[Stored data]
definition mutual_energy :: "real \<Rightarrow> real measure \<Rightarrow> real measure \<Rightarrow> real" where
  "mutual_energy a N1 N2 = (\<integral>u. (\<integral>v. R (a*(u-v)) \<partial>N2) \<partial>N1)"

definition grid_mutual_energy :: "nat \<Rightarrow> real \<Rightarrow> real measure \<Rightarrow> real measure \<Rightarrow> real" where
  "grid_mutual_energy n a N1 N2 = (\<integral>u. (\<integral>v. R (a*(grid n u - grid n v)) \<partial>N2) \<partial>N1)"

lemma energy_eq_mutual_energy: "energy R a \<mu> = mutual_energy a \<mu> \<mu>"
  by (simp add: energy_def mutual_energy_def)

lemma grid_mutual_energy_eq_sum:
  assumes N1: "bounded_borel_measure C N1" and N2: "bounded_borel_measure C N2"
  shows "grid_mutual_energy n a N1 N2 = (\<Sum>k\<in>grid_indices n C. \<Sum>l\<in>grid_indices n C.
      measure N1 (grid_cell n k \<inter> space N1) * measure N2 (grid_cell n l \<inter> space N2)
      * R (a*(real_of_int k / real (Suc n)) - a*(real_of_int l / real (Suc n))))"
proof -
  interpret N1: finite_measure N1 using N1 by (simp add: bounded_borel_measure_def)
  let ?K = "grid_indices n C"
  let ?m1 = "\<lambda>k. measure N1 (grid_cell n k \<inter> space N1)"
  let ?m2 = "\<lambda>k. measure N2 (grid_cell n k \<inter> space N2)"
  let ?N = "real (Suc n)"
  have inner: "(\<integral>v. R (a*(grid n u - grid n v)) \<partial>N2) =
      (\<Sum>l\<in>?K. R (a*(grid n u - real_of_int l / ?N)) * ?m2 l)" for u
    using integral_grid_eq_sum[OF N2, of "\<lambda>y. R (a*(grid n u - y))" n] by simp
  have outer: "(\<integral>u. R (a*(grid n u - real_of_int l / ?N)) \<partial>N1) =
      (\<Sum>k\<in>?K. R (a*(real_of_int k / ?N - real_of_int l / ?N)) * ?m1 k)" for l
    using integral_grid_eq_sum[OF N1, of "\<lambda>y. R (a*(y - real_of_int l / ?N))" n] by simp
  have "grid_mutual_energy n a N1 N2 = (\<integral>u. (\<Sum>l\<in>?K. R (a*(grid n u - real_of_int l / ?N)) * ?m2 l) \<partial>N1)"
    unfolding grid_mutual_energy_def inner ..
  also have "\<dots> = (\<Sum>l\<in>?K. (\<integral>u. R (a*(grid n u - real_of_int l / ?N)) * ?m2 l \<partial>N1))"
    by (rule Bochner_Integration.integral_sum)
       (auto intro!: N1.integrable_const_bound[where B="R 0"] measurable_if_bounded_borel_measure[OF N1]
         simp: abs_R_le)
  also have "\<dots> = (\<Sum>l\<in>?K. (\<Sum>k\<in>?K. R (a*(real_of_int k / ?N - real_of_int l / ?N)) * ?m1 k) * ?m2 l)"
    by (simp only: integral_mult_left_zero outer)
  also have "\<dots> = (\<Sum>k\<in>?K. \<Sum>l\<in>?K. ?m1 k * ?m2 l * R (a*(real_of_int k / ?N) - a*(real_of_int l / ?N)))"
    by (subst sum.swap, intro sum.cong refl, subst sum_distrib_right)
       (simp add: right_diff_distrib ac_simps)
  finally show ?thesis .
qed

---

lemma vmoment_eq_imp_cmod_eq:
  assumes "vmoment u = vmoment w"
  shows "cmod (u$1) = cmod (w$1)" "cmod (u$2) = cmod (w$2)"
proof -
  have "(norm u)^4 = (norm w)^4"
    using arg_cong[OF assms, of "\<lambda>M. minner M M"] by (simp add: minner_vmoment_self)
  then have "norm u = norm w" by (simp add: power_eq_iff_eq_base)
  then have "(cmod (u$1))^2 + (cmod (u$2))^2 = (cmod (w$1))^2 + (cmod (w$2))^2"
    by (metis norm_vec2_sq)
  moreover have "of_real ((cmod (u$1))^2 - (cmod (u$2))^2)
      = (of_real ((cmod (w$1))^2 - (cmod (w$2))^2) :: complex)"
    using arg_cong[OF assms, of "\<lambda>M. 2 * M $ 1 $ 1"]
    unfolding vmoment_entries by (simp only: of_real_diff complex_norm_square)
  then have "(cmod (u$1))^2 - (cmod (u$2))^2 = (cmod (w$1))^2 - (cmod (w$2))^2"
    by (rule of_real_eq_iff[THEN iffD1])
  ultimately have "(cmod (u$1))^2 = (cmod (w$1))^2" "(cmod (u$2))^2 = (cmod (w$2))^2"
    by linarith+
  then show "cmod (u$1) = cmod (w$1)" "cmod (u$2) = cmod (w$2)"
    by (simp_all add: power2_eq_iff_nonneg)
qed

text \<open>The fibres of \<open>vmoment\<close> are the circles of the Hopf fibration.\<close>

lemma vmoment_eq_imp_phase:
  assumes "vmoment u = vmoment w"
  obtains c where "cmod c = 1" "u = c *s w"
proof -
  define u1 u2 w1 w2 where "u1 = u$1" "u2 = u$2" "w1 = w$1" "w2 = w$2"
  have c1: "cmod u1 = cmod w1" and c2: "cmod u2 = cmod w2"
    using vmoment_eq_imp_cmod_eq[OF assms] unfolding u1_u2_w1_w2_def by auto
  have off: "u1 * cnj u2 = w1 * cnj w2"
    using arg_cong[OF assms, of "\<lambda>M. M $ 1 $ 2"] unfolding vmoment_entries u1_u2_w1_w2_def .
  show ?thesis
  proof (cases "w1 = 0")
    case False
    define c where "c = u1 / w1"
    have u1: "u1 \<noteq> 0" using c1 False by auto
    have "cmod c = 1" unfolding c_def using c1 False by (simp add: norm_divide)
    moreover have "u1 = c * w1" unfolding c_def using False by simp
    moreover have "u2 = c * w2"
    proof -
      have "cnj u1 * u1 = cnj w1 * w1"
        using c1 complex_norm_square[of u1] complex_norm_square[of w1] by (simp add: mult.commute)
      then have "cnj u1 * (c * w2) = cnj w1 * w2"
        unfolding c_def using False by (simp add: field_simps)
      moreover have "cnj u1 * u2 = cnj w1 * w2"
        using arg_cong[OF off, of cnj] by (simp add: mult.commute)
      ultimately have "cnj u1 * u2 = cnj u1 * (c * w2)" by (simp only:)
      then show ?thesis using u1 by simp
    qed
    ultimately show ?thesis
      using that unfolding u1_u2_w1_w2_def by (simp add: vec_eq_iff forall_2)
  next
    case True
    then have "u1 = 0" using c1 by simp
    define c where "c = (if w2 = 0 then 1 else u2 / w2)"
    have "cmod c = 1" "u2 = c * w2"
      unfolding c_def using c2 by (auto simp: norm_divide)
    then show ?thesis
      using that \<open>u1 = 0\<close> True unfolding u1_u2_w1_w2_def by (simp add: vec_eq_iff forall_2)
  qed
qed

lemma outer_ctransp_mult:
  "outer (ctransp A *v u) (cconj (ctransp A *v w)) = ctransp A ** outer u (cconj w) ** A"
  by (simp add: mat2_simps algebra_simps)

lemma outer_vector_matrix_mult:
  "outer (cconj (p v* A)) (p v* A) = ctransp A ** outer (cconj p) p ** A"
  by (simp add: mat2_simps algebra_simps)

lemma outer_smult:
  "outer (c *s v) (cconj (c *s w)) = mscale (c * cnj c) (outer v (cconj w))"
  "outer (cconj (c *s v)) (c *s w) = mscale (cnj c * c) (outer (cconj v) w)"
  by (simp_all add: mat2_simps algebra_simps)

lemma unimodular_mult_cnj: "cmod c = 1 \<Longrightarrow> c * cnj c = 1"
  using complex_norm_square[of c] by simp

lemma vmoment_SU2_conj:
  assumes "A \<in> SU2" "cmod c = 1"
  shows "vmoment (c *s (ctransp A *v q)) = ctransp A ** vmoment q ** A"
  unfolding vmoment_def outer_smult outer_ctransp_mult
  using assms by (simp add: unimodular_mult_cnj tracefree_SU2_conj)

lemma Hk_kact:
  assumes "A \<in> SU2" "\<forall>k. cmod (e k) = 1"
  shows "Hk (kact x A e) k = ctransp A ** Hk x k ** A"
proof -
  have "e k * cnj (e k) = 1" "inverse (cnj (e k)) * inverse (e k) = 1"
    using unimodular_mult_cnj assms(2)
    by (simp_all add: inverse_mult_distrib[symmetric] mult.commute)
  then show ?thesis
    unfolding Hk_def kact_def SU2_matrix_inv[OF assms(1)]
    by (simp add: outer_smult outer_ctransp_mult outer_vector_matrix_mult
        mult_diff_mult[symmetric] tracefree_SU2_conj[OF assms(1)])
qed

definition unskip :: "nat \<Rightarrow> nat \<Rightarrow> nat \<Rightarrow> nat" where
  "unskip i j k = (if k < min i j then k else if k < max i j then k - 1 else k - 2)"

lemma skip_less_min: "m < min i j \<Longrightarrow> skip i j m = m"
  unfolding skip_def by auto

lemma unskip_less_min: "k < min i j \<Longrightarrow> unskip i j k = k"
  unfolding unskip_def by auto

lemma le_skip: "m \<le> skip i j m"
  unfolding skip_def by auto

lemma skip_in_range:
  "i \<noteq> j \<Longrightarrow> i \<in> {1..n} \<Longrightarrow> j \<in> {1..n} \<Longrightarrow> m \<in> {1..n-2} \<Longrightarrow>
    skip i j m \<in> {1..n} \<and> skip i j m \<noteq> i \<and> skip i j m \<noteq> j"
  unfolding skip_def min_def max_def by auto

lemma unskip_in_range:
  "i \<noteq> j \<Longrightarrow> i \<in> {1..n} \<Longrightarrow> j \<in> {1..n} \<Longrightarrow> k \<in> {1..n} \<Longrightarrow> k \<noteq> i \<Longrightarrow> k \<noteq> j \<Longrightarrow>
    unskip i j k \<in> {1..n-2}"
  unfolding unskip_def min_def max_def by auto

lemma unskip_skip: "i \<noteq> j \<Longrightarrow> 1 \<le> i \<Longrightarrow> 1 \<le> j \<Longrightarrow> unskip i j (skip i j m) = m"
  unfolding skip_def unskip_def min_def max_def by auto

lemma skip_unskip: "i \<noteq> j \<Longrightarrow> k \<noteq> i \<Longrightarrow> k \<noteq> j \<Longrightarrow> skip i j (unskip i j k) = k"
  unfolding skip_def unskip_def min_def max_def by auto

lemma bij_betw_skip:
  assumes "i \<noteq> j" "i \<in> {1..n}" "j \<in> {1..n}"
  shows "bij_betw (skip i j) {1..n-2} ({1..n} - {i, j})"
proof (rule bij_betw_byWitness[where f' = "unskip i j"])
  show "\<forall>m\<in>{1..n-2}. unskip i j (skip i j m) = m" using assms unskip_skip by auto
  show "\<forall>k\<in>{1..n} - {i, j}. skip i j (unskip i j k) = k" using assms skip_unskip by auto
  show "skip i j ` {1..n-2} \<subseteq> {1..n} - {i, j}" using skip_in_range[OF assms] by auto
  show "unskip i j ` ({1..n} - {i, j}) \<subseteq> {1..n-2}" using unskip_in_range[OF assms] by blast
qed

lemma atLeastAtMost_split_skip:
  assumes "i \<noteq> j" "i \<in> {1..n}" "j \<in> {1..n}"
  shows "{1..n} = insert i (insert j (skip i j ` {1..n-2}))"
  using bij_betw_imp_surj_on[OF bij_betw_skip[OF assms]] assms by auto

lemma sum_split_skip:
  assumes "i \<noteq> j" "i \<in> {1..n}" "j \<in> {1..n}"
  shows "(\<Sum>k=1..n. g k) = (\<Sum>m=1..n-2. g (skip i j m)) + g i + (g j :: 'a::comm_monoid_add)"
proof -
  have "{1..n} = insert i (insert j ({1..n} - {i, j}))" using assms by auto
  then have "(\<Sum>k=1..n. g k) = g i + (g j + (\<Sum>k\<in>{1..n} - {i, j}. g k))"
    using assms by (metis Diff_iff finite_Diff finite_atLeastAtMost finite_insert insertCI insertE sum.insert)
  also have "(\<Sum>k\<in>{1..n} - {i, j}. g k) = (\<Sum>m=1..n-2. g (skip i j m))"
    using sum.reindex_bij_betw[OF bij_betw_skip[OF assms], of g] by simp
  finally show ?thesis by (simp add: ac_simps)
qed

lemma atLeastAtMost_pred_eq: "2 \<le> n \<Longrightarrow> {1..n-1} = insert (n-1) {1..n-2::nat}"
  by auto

* * *

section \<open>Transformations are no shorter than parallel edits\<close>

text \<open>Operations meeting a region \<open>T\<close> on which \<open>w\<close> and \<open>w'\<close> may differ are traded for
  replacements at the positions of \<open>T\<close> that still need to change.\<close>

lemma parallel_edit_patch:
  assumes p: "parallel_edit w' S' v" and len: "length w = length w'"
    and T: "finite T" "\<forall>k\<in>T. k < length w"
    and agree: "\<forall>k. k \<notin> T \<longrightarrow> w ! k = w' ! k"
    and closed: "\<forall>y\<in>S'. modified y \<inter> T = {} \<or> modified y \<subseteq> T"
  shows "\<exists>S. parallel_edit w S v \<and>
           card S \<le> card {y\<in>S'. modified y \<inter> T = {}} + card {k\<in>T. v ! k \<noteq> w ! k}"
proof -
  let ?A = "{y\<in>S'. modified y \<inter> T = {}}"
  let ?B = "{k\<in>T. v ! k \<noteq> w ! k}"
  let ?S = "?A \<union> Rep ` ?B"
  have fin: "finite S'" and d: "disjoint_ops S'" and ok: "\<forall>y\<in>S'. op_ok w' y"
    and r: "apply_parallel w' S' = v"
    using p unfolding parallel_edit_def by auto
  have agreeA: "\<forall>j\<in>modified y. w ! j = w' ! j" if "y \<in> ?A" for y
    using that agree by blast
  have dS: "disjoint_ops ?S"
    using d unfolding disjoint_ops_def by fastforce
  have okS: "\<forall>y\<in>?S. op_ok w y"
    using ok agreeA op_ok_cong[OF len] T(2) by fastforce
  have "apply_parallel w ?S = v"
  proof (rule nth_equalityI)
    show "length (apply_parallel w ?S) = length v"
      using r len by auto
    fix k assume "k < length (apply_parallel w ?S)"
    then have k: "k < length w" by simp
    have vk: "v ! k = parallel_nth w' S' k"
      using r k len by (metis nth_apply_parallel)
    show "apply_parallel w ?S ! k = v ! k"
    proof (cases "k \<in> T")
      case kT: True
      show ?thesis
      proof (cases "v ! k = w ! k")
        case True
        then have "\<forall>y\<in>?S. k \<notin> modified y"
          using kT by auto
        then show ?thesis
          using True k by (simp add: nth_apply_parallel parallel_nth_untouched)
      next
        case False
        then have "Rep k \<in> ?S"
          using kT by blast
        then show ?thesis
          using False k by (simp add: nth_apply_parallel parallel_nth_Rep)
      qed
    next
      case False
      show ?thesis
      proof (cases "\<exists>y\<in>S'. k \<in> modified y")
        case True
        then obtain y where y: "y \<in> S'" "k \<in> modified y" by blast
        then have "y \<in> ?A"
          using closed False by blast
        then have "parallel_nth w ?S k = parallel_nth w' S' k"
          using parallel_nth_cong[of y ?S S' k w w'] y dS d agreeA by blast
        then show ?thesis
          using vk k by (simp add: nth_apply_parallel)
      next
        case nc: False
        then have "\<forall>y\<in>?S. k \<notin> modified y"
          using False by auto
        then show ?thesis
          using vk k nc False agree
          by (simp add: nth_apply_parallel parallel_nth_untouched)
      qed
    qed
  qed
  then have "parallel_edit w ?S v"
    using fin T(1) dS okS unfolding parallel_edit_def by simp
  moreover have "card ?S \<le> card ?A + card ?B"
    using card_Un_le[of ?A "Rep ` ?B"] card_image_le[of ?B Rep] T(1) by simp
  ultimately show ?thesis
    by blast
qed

The problem: Your task is to collect every line above that contains the word "dots".

Answer for this exercise:
  also have "\<dots> = (\<Sum>l\<in>?K. (\<integral>u. R (a*(grid n u - real_of_int l / ?N)) * ?m2 l \<partial>N1))"
  also have "\<dots> = (\<Sum>l\<in>?K. (\<Sum>k\<in>?K. R (a*(real_of_int k / ?N - real_of_int l / ?N)) * ?m1 k) * ?m2 l)"
  also have "\<dots> = (\<Sum>k\<in>?K. \<Sum>l\<in>?K. ?m1 k * ?m2 l * R (a*(real_of_int k / ?N) - a*(real_of_int l / ?N)))"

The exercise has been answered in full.